> _ASSIGNMENT_:
Your answer should consist only of the lines from the line containing "qed (simp add: f_def)" through the last line below, each repeated exactly.

Stored dataset items:

*** Begin section ***

(* Let $\mathcal{C}$ be a category and $A$ an object of $\mathcal{C}$ satisfying the axioms RC0, RC1, RC2 below, and let $G=\mathrm{Aut}(A)^{op}$. Then for every object $X$ the set $[A,X]$ with the left $G$-action $g\cdot x=x\circ g$ is a transitive $G$-set, giving a functor $[A,-]_G\colon\mathcal{C}\to t\mathcal{E}ns^G$. This functor has a left adjoint $A\times_G(-)$, given on a transitive $G$-set $E$ by $A\times_G E=A/H$ where $H=\mathrm{Fix}(x_0)=\{g: g\cdot x_0=x_0\}$ for any chosen $x_0\in E$; the unit $E\cong[A,A]/H\to[A,A/H]$ and the counit $A/\mathrm{Fix}(x)\to X$ (for $x\in[A,X]$) are isomorphisms. Hence $[A,-]_G$ and $A\times_G(-)$ establish an equivalence of categories $\mathcal{C}\simeq t\mathcal{E}ns^G$.
   Context: $t\mathcal{E}ns^G$ denotes the category of transitive (left) $G$-sets with equivariant maps. An arrow $f\colon X\to Y$ is a strict epimorphism if for every arrow $g\colon X\to Z$ compatible with $f$ (for every object $C$ and all $u,v\colon C\to X$ with $f\circ u=f\circ v$ one has $g\circ u=g\circ v$) there is a unique $k\colon Y\to Z$ with $g=k\circ f$. For a group $H$ acting on $A$ by automorphisms (a homomorphism $H\to\mathrm{Aut}(A)^{op}$), the quotient $q\colon A\to A/H$ is an arrow with $q\circ h=q$ for all $h\in H$, universal among such arrows. Axioms: RC0: for every object $X$ there exists an arrow $A\to X$, and every arrow $A\to X$ is a strict epimorphism. RC1: for every subgroup $H\subseteq\mathrm{Aut}(A)$ the quotient $q\colon A\to A/H$ exists and the map $[A,A]\to[A,A/H]$, $f\mapsto q\circ f$, is surjective with $q\circ f=q\circ g$ iff $f=h\circ g$ for some $h\in H$. RC2: $[A,A]=\mathrm{Aut}(A)$. *)

theory Defs
  imports "HOL-Library.FuncSet"
begin

text \<open>A category is given by hom-sets Hom X Y (arrows of type 'a between objects of
  type 'o), composition cmp g f (= g \<circ> f, first f then g) and identities idt X.\<close>

definition category :: "('o \<Rightarrow> 'o \<Rightarrow> 'a set) \<Rightarrow> ('a \<Rightarrow> 'a \<Rightarrow> 'a) \<Rightarrow> ('o \<Rightarrow> 'a) \<Rightarrow> bool" where
  "category Hom cmp idt \<longleftrightarrow>
     (\<forall>X. idt X \<in> Hom X X) \<and>
     (\<forall>X Y Z f g. f \<in> Hom X Y \<longrightarrow> g \<in> Hom Y Z \<longrightarrow> cmp g f \<in> Hom X Z) \<and>
     (\<forall>X Y f. f \<in> Hom X Y \<longrightarrow> cmp (idt Y) f = f \<and> cmp f (idt X) = f) \<and>
     (\<forall>W X Y Z f g h. f \<in> Hom W X \<longrightarrow> g \<in> Hom X Y \<longrightarrow> h \<in> Hom Y Z \<longrightarrow>
        cmp h (cmp g f) = cmp (cmp h g) f) \<and>
     (\<forall>X Y X' Y' f. f \<in> Hom X Y \<longrightarrow> f \<in> Hom X' Y' \<longrightarrow> X = X' \<and> Y = Y')"

definition is_iso :: "('o \<Rightarrow> 'o \<Rightarrow> 'a set) \<Rightarrow> ('a \<Rightarrow> 'a \<Rightarrow> 'a) \<Rightarrow> ('o \<Rightarrow> 'a) \<Rightarrow> 'o \<Rightarrow> 'o \<Rightarrow> 'a \<Rightarrow> bool" where
  "is_iso Hom cmp idt X Y f \<longleftrightarrow> f \<in> Hom X Y \<and>
     (\<exists>g \<in> Hom Y X. cmp g f = idt X \<and> cmp f g = idt Y)"

definition Aut :: "('o \<Rightarrow> 'o \<Rightarrow> 'a set) \<Rightarrow> ('a \<Rightarrow> 'a \<Rightarrow> 'a) \<Rightarrow> ('o \<Rightarrow> 'a) \<Rightarrow> 'o \<Rightarrow> 'a set" where
  "Aut Hom cmp idt A = {g. is_iso Hom cmp idt A A g}"

definition strict_epi :: "('o \<Rightarrow> 'o \<Rightarrow> 'a set) \<Rightarrow> ('a \<Rightarrow> 'a \<Rightarrow> 'a) \<Rightarrow> 'o \<Rightarrow> 'o \<Rightarrow> 'a \<Rightarrow> bool" where
  "strict_epi Hom cmp X Y f \<longleftrightarrow> f \<in> Hom X Y \<and>
     (\<forall>Z g. g \<in> Hom X Z \<longrightarrow>
        (\<forall>C u v. u \<in> Hom C X \<longrightarrow> v \<in> Hom C X \<longrightarrow> cmp f u = cmp f v \<longrightarrow> cmp g u = cmp g v) \<longrightarrow>
        (\<exists>!k. k \<in> Hom Y Z \<and> g = cmp k f))"

definition aut_subgroup :: "('o \<Rightarrow> 'o \<Rightarrow> 'a set) \<Rightarrow> ('a \<Rightarrow> 'a \<Rightarrow> 'a) \<Rightarrow> ('o \<Rightarrow> 'a) \<Rightarrow> 'o \<Rightarrow> 'a set \<Rightarrow> bool" where
  "aut_subgroup Hom cmp idt A H \<longleftrightarrow> H \<subseteq> Aut Hom cmp idt A \<and> idt A \<in> H \<and>
     (\<forall>g\<in>H. \<forall>h\<in>H. cmp g h \<in> H) \<and>
     (\<forall>g\<in>H. \<exists>h\<in>H. cmp h g = idt A \<and> cmp g h = idt A)"
lemma prob_space_frechet_distr:
  assumes "\<alpha> > 0"
  shows "prob_space (frechet_distr \<alpha>)"
proof (rule prob_spaceI)
  define f where "f x = (if 0 < x then \<alpha> * x powr (- \<alpha> - 1) * exp (- (x powr (- \<alpha>))) else 0)"
    for x :: real
  define F where "F x = (if 0 < x then exp (- (x powr (- \<alpha>))) else 0)" for x :: real
  have "emeasure (frechet_distr \<alpha>) (space (frechet_distr \<alpha>)) = (\<integral>\<^sup>+x\<in>{0..}. ennreal (f x) \<partial>lborel)"
    unfolding frechet_distr_def f_def
    by (subst emeasure_density) (auto intro!: nn_integral_cong simp: indicator_def)
  also have "\<dots> = ennreal (1 - F 0)"
  proof (rule nn_integral_FTC_atLeast)
    fix x :: real assume "0 \<le> x"
    show "(F has_real_derivative f x) (at x)"
      unfolding F_def f_def using assms \<open>0 \<le> x\<close> by (rule frechet_cdf_has_derivative)
    show "0 \<le> f x"
      using assms by (simp add: f_def)
  next
    have "((\<lambda>x. exp (- (x powr (- \<alpha>)))) \<longlongrightarrow> 1) at_top"
      using assms by real_asymp
    moreover have "eventually (\<lambda>x. exp (- (x powr (- \<alpha>))) = F x) at_top"
      using eventually_gt_at_top[of 0] by eventually_elim (simp add: F_def)
    ultimately show "(F \<longlongrightarrow> 1) at_top"
      by (rule Lim_transform_eventually)
  qed (simp add: f_def)
  finally show "emeasure (frechet_distr \<alpha>) (space (frechet_distr \<alpha>)) = 1"
    by (simp add: F_def)
qed

lemma nn_integral_excess_pareto_distr_le:
  assumes "\<alpha> > 1" and "c > 0"
  shows "(\<integral>\<^sup>+x. ennreal (max (x - c) 0) \<partial>pareto_distr \<alpha>) \<le> ennreal (c powr (1 - \<alpha>) / (\<alpha> - 1))"
  unfolding pareto_distr_def using assms by (intro nn_integral_excess_density_le) auto

lemma nn_integral_excess_frechet_distr_le:
  assumes "\<alpha> > 1" and "c > 0"
  shows "(\<integral>\<^sup>+x. ennreal (max (x - c) 0) \<partial>frechet_distr \<alpha>) \<le> ennreal (c powr (1 - \<alpha>) / (\<alpha> - 1))"
  unfolding frechet_distr_def using assms
  by (intro nn_integral_excess_density_le) (auto intro: mult_left_le)

lemma finite_actions: "finite (actions d m)"
proof (rule finite_subset)
  show "actions d m \<subseteq> {a. \<forall>i. (i \<in> {..<d} \<longrightarrow> a i \<in> {0, 1}) \<and> (i \<notin> {..<d} \<longrightarrow> a i = 0)}"
    by (auto simp: actions_def)
qed (intro finite_set_of_finite_funs; simp)

lemma indicator_prefix_in_actions: "m \<le> d \<Longrightarrow> (\<lambda>i. if i < m then 1 else 0) \<in> actions d m"
  by (auto simp: actions_def sum.If_cases lessThan_def[symmetric] min_absorb1 Int_absorb1
      intro!: arg_cong[where f = real])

*** End section ***

> _YOUR SOLUTION_:
  qed (simp add: f_def)
  finally show "emeasure (frechet_distr \<alpha>) (space (frechet_distr \<alpha>)) = 1"
    by (simp add: F_def)
qed

lemma nn_integral_excess_pareto_distr_le:
  assumes "\<alpha> > 1" and "c > 0"
  shows "(\<integral>\<^sup>+x. ennreal (max (x - c) 0) \<partial>pareto_distr \<alpha>) \<le> ennreal (c powr (1 - \<alpha>) / (\<alpha> - 1))"
  unfolding pareto_distr_def using assms by (intro nn_integral_excess_density_le) auto

lemma nn_integral_excess_frechet_distr_le:
  assumes "\<alpha> > 1" and "c > 0"
  shows "(\<integral>\<^sup>+x. ennreal (max (x - c) 0) \<partial>frechet_distr \<alpha>) \<le> ennreal (c powr (1 - \<alpha>) / (\<alpha> - 1))"
  unfolding frechet_distr_def using assms
  by (intro nn_integral_excess_density_le) (auto intro: mult_left_le)

lemma finite_actions: "finite (actions d m)"
proof (rule finite_subset)
  show "actions d m \<subseteq> {a. \<forall>i. (i \<in> {..<d} \<longrightarrow> a i \<in> {0, 1}) \<and> (i \<notin> {..<d} \<longrightarrow> a i = 0)}"
    by (auto simp: actions_def)
qed (intro finite_set_of_finite_funs; simp)

lemma indicator_prefix_in_actions: "m \<le> d \<Longrightarrow> (\<lambda>i. if i < m then 1 else 0) \<in> actions d m"
  by (auto simp: actions_def sum.If_cases lessThan_def[symmetric] min_absorb1 Int_absorb1
      intro!: arg_cong[where f = real])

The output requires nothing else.